The following commit(s) were added to refs/heads/master by this push:
     new ac6b30bb8 fix(integration): add watchdog to detect test server crashes 
(#2576)
ac6b30bb8 is described below

commit ac6b30bb860b426ede16181a1d9ca4665763c0e5
Author: Hubert Gruszecki <[email protected]>
AuthorDate: Fri Jan 16 13:16:55 2026 +0100

    fix(integration): add watchdog to detect test server crashes (#2576)
    
    If the server dies unexpectedly (crash, panic), the watchdog
    prints stdout/stderr logs and aborts the test process, making
    failures immediately visible instead of hanging.
---
 core/integration/src/test_server.rs  | 107 ++++++++++++++++++++++++++++++++++-
 core/integration/tests/server/mod.rs |  84 +++++++--------------------
 2 files changed, 127 insertions(+), 64 deletions(-)

diff --git a/core/integration/src/test_server.rs 
b/core/integration/src/test_server.rs
index fd718178e..99846d4ad 100644
--- a/core/integration/src/test_server.rs
+++ b/core/integration/src/test_server.rs
@@ -33,7 +33,9 @@ use std::io::Write;
 use std::net::{Ipv4Addr, Ipv6Addr, SocketAddr};
 use std::path::{Path, PathBuf};
 use std::process::{Child, Command, Stdio};
-use std::thread::{available_parallelism, panicking, sleep};
+use std::sync::Arc;
+use std::sync::atomic::{AtomicBool, Ordering};
+use std::thread::{self, JoinHandle, available_parallelism, panicking, sleep};
 use std::time::Duration;
 use uuid::Uuid;
 
@@ -75,7 +77,6 @@ enum ServerProtocolAddr {
     WebSocket(SocketAddr),
 }
 
-#[derive(Debug)]
 pub struct TestServer {
     local_data_path: String,
     envs: HashMap<String, String>,
@@ -85,6 +86,18 @@ pub struct TestServer {
     stderr_file_path: Option<PathBuf>,
     cleanup: bool,
     server_executable_path: Option<String>,
+    watchdog_handle: Option<JoinHandle<()>>,
+    watchdog_stop: Arc<AtomicBool>,
+}
+
+impl std::fmt::Debug for TestServer {
+    fn fmt(&self, f: &mut std::fmt::Formatter<'_>) -> std::fmt::Result {
+        f.debug_struct("TestServer")
+            .field("local_data_path", &self.local_data_path)

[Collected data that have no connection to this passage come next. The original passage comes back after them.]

(* Under Assumption A, there exists $P\in\Pi(\mu,\nu)$ with $H(P|\mu\otimes\nu)<\infty$ such that, for $\mu$-a.e. $x$, $$\int(y-x)\,P_x(dy)>0\ \text{ if }x\ge0,\qquad \int(y-x)\,P_x(dy)<0\ \text{ if }x<0.$$
   Context: Standing setting: $\mu,\nu$ are Borel probability measures on $\mathbb{R}$ with finite first moments, in convex order, centered ($\int x\,\mu(dx)=\int y\,\nu(dy)=0$), and $\mu\neq\delta_0$. $\Pi(\mu,\nu)$: couplings; $P_x$: disintegration kernel of $P$ w.r.t. its first marginal; $\mathcal{M}(\mu,\nu)$: martingale couplings ($\int(y-x)\pi_x(dy)=0$ $\mu$-a.s.); $H$ is relative entropy ($+\infty$ if not absolutely continuous). Assumption A: there exists $\bar\pi\in\mathcal{M}(\mu,\nu)$ equivalent to $\mu\otimes\nu$ with $H(\bar\pi|\mu\otimes\nu)<\infty$. *)

theory Defs
  imports "HOL-Probability.Probability"
begin

definition convex_order :: "real measure \<Rightarrow> real measure \<Rightarrow> bool" where
  "convex_order \<mu> \<nu> \<longleftrightarrow>
     (\<forall>f::real \<Rightarrow> real. convex_on UNIV f \<longrightarrow> integrable \<mu> f \<longrightarrow> integrable \<nu> f \<longrightarrow>
        (\<integral>x. f x \<partial>\<mu>) \<le> (\<integral>y. f y \<partial>\<nu>))"

definition is_coupling :: "real measure \<Rightarrow> real measure \<Rightarrow> (real \<times> real) measure \<Rightarrow> bool" where
  "is_coupling \<mu> \<nu> P \<longleftrightarrow> prob_space P \<and> sets P = sets (borel \<Otimes>\<^sub>M borel) \<and>
     distr P borel fst = \<mu> \<and> distr P borel snd = \<nu>"

definition is_disintegration :: "real measure \<Rightarrow> (real \<Rightarrow> real measure) \<Rightarrow> (real \<times> real) measure \<Rightarrow> bool" where
  "is_disintegration \<mu> K P \<longleftrightarrow> K \<in> \<mu> \<rightarrow>\<^sub>M prob_algebra borel \<and>
     (\<forall>A\<in>sets borel. \<forall>B\<in>sets borel. emeasure P (A \<times> B) = (\<integral>\<^sup>+x\<in>A. emeasure (K x) B \<partial>\<mu>))"

definition is_martingale_coupling :: "real measure \<Rightarrow> real measure \<Rightarrow> (real \<times> real) measure \<Rightarrow> bool" where
  "is_martingale_coupling \<mu> \<nu> P \<longleftrightarrow> is_coupling \<mu> \<nu> P \<and>
     (\<exists>K. is_disintegration \<mu> K P \<and>
        (AE x in \<mu>. integrable (K x) (\<lambda>y. y - x) \<and> (\<integral>y. (y - x) \<partial>K x) = 0))"

text \<open>The integral is split into positive and negative parts (the negative part is finite for
  finite Q since f ln f >= -1/e).\<close>
definition rel_entropy :: "'a measure \<Rightarrow> 'a measure \<Rightarrow> ereal" where
  "rel_entropy P Q =
     (if sets P = sets Q \<and> absolutely_continuous Q P then
        (let f = (\<lambda>z. enn2real (RN_deriv Q P z)) in
           enn2ereal (\<integral>\<^sup>+z. ennreal (f z * ln (f z)) \<partial>Q)
           - enn2ereal (\<integral>\<^sup>+z. ennreal (- (f z * ln (f z))) \<partial>Q))
      else \<infinity>)"

end

theory Submission
  imports Defs
begin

+            .field("server_addrs", &self.server_addrs)
+            .field("cleanup", &self.cleanup)
+            .finish_non_exhaustive()
+    }
 }
 
 impl TestServer {
@@ -194,6 +207,8 @@ impl TestServer {
             stderr_file_path: None,
             cleanup,
             server_executable_path,
+            watchdog_handle: None,
+            watchdog_stop: Arc::new(AtomicBool::new(false)),
         }
     }
 
@@ -234,11 +249,99 @@ impl TestServer {
         }
 
         let child = command.spawn().unwrap();
+        let pid = child.id();
         self.child_handle = Some(child);
         self.wait_until_server_has_bound();
+
+        let watchdog_stop = self.watchdog_stop.clone();
+        let stdout_path = self.stdout_file_path.clone();
+        let stderr_path = self.stderr_file_path.clone();
+        let watchdog_handle = thread::Builder::new()

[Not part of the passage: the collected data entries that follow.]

lemma (in cring) ex_minimal_prime_subset:
  assumes Q: "primeideal Q R"
  shows "\<exists>P. minimal_prime R P \<and> P \<subseteq> Q"
proof -
  let ?A = "{P. primeideal P R \<and> P \<subseteq> Q}"
  have "\<exists>M\<in>?A. \<forall>P\<in>?A. P \<subseteq> M \<longrightarrow> P = M"
  proof (rule predicate_Zorn)
    show "partial_order_on ?A (relation_of (\<lambda>X Y. Y \<subseteq> X) ?A)"
      by (rule partial_order_on_relation_ofI) auto
    fix C assume C: "C \<in> Chains (relation_of (\<lambda>X Y. Y \<subseteq> X) ?A)"
    then have CA: "C \<subseteq> ?A" by (rule Chains_relation_of)
    have chain: "P \<subseteq> P' \<or> P' \<subseteq> P" if "P \<in> C" "P' \<in> C" for P P'
      using C that unfolding Chains_def relation_of_def by blast
    show "\<exists>L\<in>?A. \<forall>P\<in>C. L \<subseteq> P"
    proof (cases "C = {}")
      case True
      then show ?thesis using Q by blast
    next
      case False
      have "primeideal (\<Inter>C) R" using primeideal_Inter_chain[OF False] CA chain by blast
      moreover have "\<Inter>C \<subseteq> Q" using False CA by blast
      ultimately show ?thesis by blast
    qed
  qed
  then obtain P where "P \<in> ?A" and min: "\<forall>P'\<in>?A. P' \<subseteq> P \<longrightarrow> P' = P" ..
  then have P: "primeideal P R" "P \<subseteq> Q" by auto
  have "minimal_prime R P"
    unfolding minimal_prime_def using P min by blast
  with P(2) show ?thesis by blast
qed

definition fg_colon :: "('a, 'c) ring_scheme \<Rightarrow> 'a set \<Rightarrow> 'a set" where
  "fg_colon R I =
     {u \<in> carrier R. \<exists>F. finite F \<and> F \<subseteq> I \<and> (\<forall>b\<in>I. u \<otimes>\<^bsub>R\<^esub> b \<in> Idl\<^bsub>R\<^esub> F)}"

lemma (in cring) fg_colon_ideal:
  assumes I: "ideal I R"
  shows "ideal (fg_colon R I) R"
proof -
  have IC: "I \<subseteq> carrier R" using ideal.Icarr[OF I] by blast
  have Idl: "ideal (Idl F) R" if "F \<subseteq> I" for F using genideal_ideal that IC by blast
  show ?thesis
  proof (rule idealI[OF ring_axioms])
    show "subgroup (fg_colon R I) (add_monoid R)"
    proof (rule add.subgroupI)
      show "fg_colon R I \<subseteq> carrier R" by (auto simp: fg_colon_def)
      have "\<zero> \<otimes> b \<in> Idl {}" if "b \<in> I" for b
        using that IC additive_subgroup.zero_closed[OF ideal.axioms(1)[OF Idl]] by auto
      then show "fg_colon R I \<noteq> {}" unfolding fg_colon_def by blast
    next
      fix u assume "u \<in> fg_colon R I"
      then obtain F where u: "u \<in> carrier R" "finite F" "F \<subseteq> I" "\<forall>b\<in>I. u \<otimes> b \<in> Idl F"
        unfolding fg_colon_def by blast
      have "\<ominus> u \<otimes> b \<in> Idl F" if "b \<in> I" for b
        using u that IC additive_subgroup.a_inv_closed[OF ideal.axioms(1)[OF Idl[OF u(3)]]]
        by (simp add: l_minus subset_iff)
      then show "\<ominus> u \<in> fg_colon R I" unfolding fg_colon_def using u by blast
    next
      fix u v assume "u \<in> fg_colon R I" "v \<in> fg_colon R I"
      then obtain F G where u: "u \<in> carrier R" "finite F" "F \<subseteq> I" "\<forall>b\<in>I. u \<otimes> b \<in> Idl F"
        and v: "v \<in> carrier R" "finite G" "G \<subseteq> I" "\<forall>b\<in>I. v \<otimes> b \<in> Idl G"
        unfolding fg_colon_def by blast
      have FG: "F \<union> G \<subseteq> I" using u v by blast
      have "(u \<oplus> v) \<otimes> b \<in> Idl (F \<union> G)" if "b \<in> I" for b
      proof -
        have "Idl F \<subseteq> Idl (F \<union> G)" "Idl G \<subseteq> Idl (F \<union> G)"
          using subset_Idl_subset[of "F \<union> G"] FG IC by auto
        then have "u \<otimes> b \<oplus> v \<otimes> b \<in> Idl (F \<union> G)"
          using u(4) v(4) that additive_subgroup.a_closed[OF ideal.axioms(1)[OF Idl[OF FG]]] by blast
        then show ?thesis using u(1) v(1) that IC by (simp add: l_distr subset_iff)
      qed
      then show "u \<oplus> v \<in> fg_colon R I"
        unfolding fg_colon_def using u v by auto
    qed
  next
    fix u x assume "u \<in> fg_colon R I" "x \<in> carrier R"
    then obtain F where u: "u \<in> carrier R" "finite F" "F \<subseteq> I" "\<forall>b\<in>I. u \<otimes> b \<in> Idl F"
      and x: "x \<in> carrier R" unfolding fg_colon_def by blast
    have "x \<otimes> u \<otimes> b \<in> Idl F" "u \<otimes> x \<otimes> b \<in> Idl F" if b: "b \<in> I" for b
    proof -
      have bC: "b \<in> carrier R" using b IC by blast
      have "x \<otimes> (u \<otimes> b) \<in> Idl F" using ideal.I_l_closed[OF Idl[OF u(3)] u(4)[rule_format, OF b] x] .
      moreover have "x \<otimes> u \<otimes> b = x \<otimes> (u \<otimes> b)" "u \<otimes> x \<otimes> b = x \<otimes> (u \<otimes> b)"
        using u(1) x bC by algebra+
      ultimately show "x \<otimes> u \<otimes> b \<in> Idl F" "u \<otimes> x \<otimes> b \<in> Idl F" by simp_all
    qed
    then show "x \<otimes> u \<in> fg_colon R I" "u \<otimes> x \<in> fg_colon R I"
      unfolding fg_colon_def using u x by auto
  qed
qed

lemma (in ring) fg_ideal_if_one_in_fg_colon:
  assumes I: "ideal I R" and one: "\<one> \<in> fg_colon R I"
  shows "fg_ideal R I"
proof -
  obtain F where F: "finite F" "F \<subseteq> I" and "\<forall>b\<in>I. \<one> \<otimes> b \<in> Idl F"
    using one unfolding fg_colon_def by blast
  then have "I \<subseteq> Idl F" using ideal.Icarr[OF I] by auto
  moreover have "Idl F \<subseteq> I" using genideal_minimal[OF I F(2)] .
  ultimately show ?thesis
    unfolding fg_ideal_def using F ideal.Icarr[OF I] by blast
qed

+            .name("test-server-watchdog".to_string())
+            .spawn(move || {
+                Self::watchdog_loop(pid, watchdog_stop, stdout_path, 
stderr_path);
+            })
+            .expect("Failed to spawn watchdog thread");
+        self.watchdog_handle = Some(watchdog_handle);
+    }
+
+    /// Watchdog loop that monitors the server process.

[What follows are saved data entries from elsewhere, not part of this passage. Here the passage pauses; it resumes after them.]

(* For any connected graph $G$ of order $n\ge 2$ with maximum degree $\Delta$, $$\max\Big\{\gamma(G),\frac{2}{\Delta}\alpha(G)\Big\}+\beta(G)\le\gamma_{oidR}(G)\le 3\beta(G).$$ Moreover, both bounds are sharp: there exist connected graphs attaining equality in the lower bound and connected graphs attaining equality in the upper bound.
   Context: $\gamma(G)$ is the domination number, $\alpha(G)$ the independence number and $\beta(G)$ the vertex cover number of $G$. A DRD function of $G$ is $f:V(G)\to\{0,1,2,3\}$ such that every vertex with value $0$ has a neighbor with value $3$ or two neighbors with value $2$, and every vertex with value $1$ has a neighbor with value at least $2$; it is an OIDRD function if the set of vertices with value $0$ is independent, and $\gamma_{oidR}(G)$ is the minimum weight $\sum_v f(v)$ of an OIDRD function. *)

theory Defs
  imports Complex_Main
begin

definition graph :: "'a set \<Rightarrow> ('a \<Rightarrow> 'a \<Rightarrow> bool) \<Rightarrow> bool" where
  "graph V E \<longleftrightarrow> finite V \<and> (\<forall>u v. E u v \<longrightarrow> u \<in> V \<and> v \<in> V \<and> u \<noteq> v \<and> E v u)"

definition connected_graph :: "'a set \<Rightarrow> ('a \<Rightarrow> 'a \<Rightarrow> bool) \<Rightarrow> bool" where
  "connected_graph V E \<longleftrightarrow> V \<noteq> {} \<and> (\<forall>u\<in>V. \<forall>v\<in>V. E\<^sup>*\<^sup>* u v)"

definition degree :: "'a set \<Rightarrow> ('a \<Rightarrow> 'a \<Rightarrow> bool) \<Rightarrow> 'a \<Rightarrow> nat" where
  "degree V E v = card {u\<in>V. E v u}"

definition max_degree :: "'a set \<Rightarrow> ('a \<Rightarrow> 'a \<Rightarrow> bool) \<Rightarrow> nat" where
  "max_degree V E = Max (degree V E ` V)"

definition dominating_set :: "'a set \<Rightarrow> ('a \<Rightarrow> 'a \<Rightarrow> bool) \<Rightarrow> 'a set \<Rightarrow> bool" where
  "dominating_set V E S \<longleftrightarrow> S \<subseteq> V \<and> (\<forall>v\<in>V - S. \<exists>u\<in>S. E v u)"

definition domination_number :: "'a set \<Rightarrow> ('a \<Rightarrow> 'a \<Rightarrow> bool) \<Rightarrow> nat" where
  "domination_number V E = Min (card ` {S. dominating_set V E S})"

definition independent_set :: "'a set \<Rightarrow> ('a \<Rightarrow> 'a \<Rightarrow> bool) \<Rightarrow> 'a set \<Rightarrow> bool" where
  "independent_set V E S \<longleftrightarrow> S \<subseteq> V \<and> (\<forall>u\<in>S. \<forall>v\<in>S. \<not> E u v)"

definition independence_number :: "'a set \<Rightarrow> ('a \<Rightarrow> 'a \<Rightarrow> bool) \<Rightarrow> nat" where
  "independence_number V E = Max (card ` {S. independent_set V E S})"

definition vertex_cover :: "'a set \<Rightarrow> ('a \<Rightarrow> 'a \<Rightarrow> bool) \<Rightarrow> 'a set \<Rightarrow> bool" where
  "vertex_cover V E S \<longleftrightarrow> S \<subseteq> V \<and> (\<forall>u v. E u v \<longrightarrow> u \<in> S \<or> v \<in> S)"

definition vertex_cover_number :: "'a set \<Rightarrow> ('a \<Rightarrow> 'a \<Rightarrow> bool) \<Rightarrow> nat" where
  "vertex_cover_number V E = Min (card ` {S. vertex_cover V E S})"

text \<open>Double Roman dominating function; only the values on V matter.\<close>
definition DRD_function :: "'a set \<Rightarrow> ('a \<Rightarrow> 'a \<Rightarrow> bool) \<Rightarrow> ('a \<Rightarrow> nat) \<Rightarrow> bool" where
  "DRD_function V E f \<longleftrightarrow>
     (\<forall>v\<in>V. f v \<le> 3) \<and>
     (\<forall>v\<in>V. f v = 0 \<longrightarrow>
        (\<exists>u. E v u \<and> f u = 3) \<or> (\<exists>u w. u \<noteq> w \<and> E v u \<and> E v w \<and> f u = 2 \<and> f w = 2)) \<and>
     (\<forall>v\<in>V. f v = 1 \<longrightarrow> (\<exists>u. E v u \<and> f u \<ge> 2))"

definition OIDRD_function :: "'a set \<Rightarrow> ('a \<Rightarrow> 'a \<Rightarrow> bool) \<Rightarrow> ('a \<Rightarrow> nat) \<Rightarrow> bool" where
  "OIDRD_function V E f \<longleftrightarrow> DRD_function V E f \<and> independent_set V E {v\<in>V. f v = 0}"

definition oidR_number :: "'a set \<Rightarrow> ('a \<Rightarrow> 'a \<Rightarrow> bool) \<Rightarrow> nat" where
  "oidR_number V E = Min ((\<lambda>f. \<Sum>v\<in>V. f v) ` {f. OIDRD_function V E f})"

end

+    /// Panics if the server exits while the watchdog is still running (i.e., 
not gracefully stopped).
+    fn watchdog_loop(
+        pid: u32,
+        stop_signal: Arc<AtomicBool>,
+        stdout_path: Option<PathBuf>,
+        stderr_path: Option<PathBuf>,
+    ) {
+        const CHECK_INTERVAL: Duration = Duration::from_millis(100);
+
+        loop {
+            if stop_signal.load(Ordering::SeqCst) {
+                return;
+            }
+
+            // Check if process is alive AND not a zombie via /proc/{pid}/stat
+            // A zombie process still exists in the process table (kill 
returns 0)
+            // but has state 'Z' in /proc/pid/stat
+            if !Self::is_process_alive(pid) {
+                let stdout_content = stdout_path
+                    .as_ref()
+                    .and_then(|p| fs::read_to_string(p).ok())
+                    .unwrap_or_else(|| "[No stdout log]".to_string());
+
+                let stderr_content = stderr_path
+                    .as_ref()
+                    .and_then(|p| fs::read_to_string(p).ok())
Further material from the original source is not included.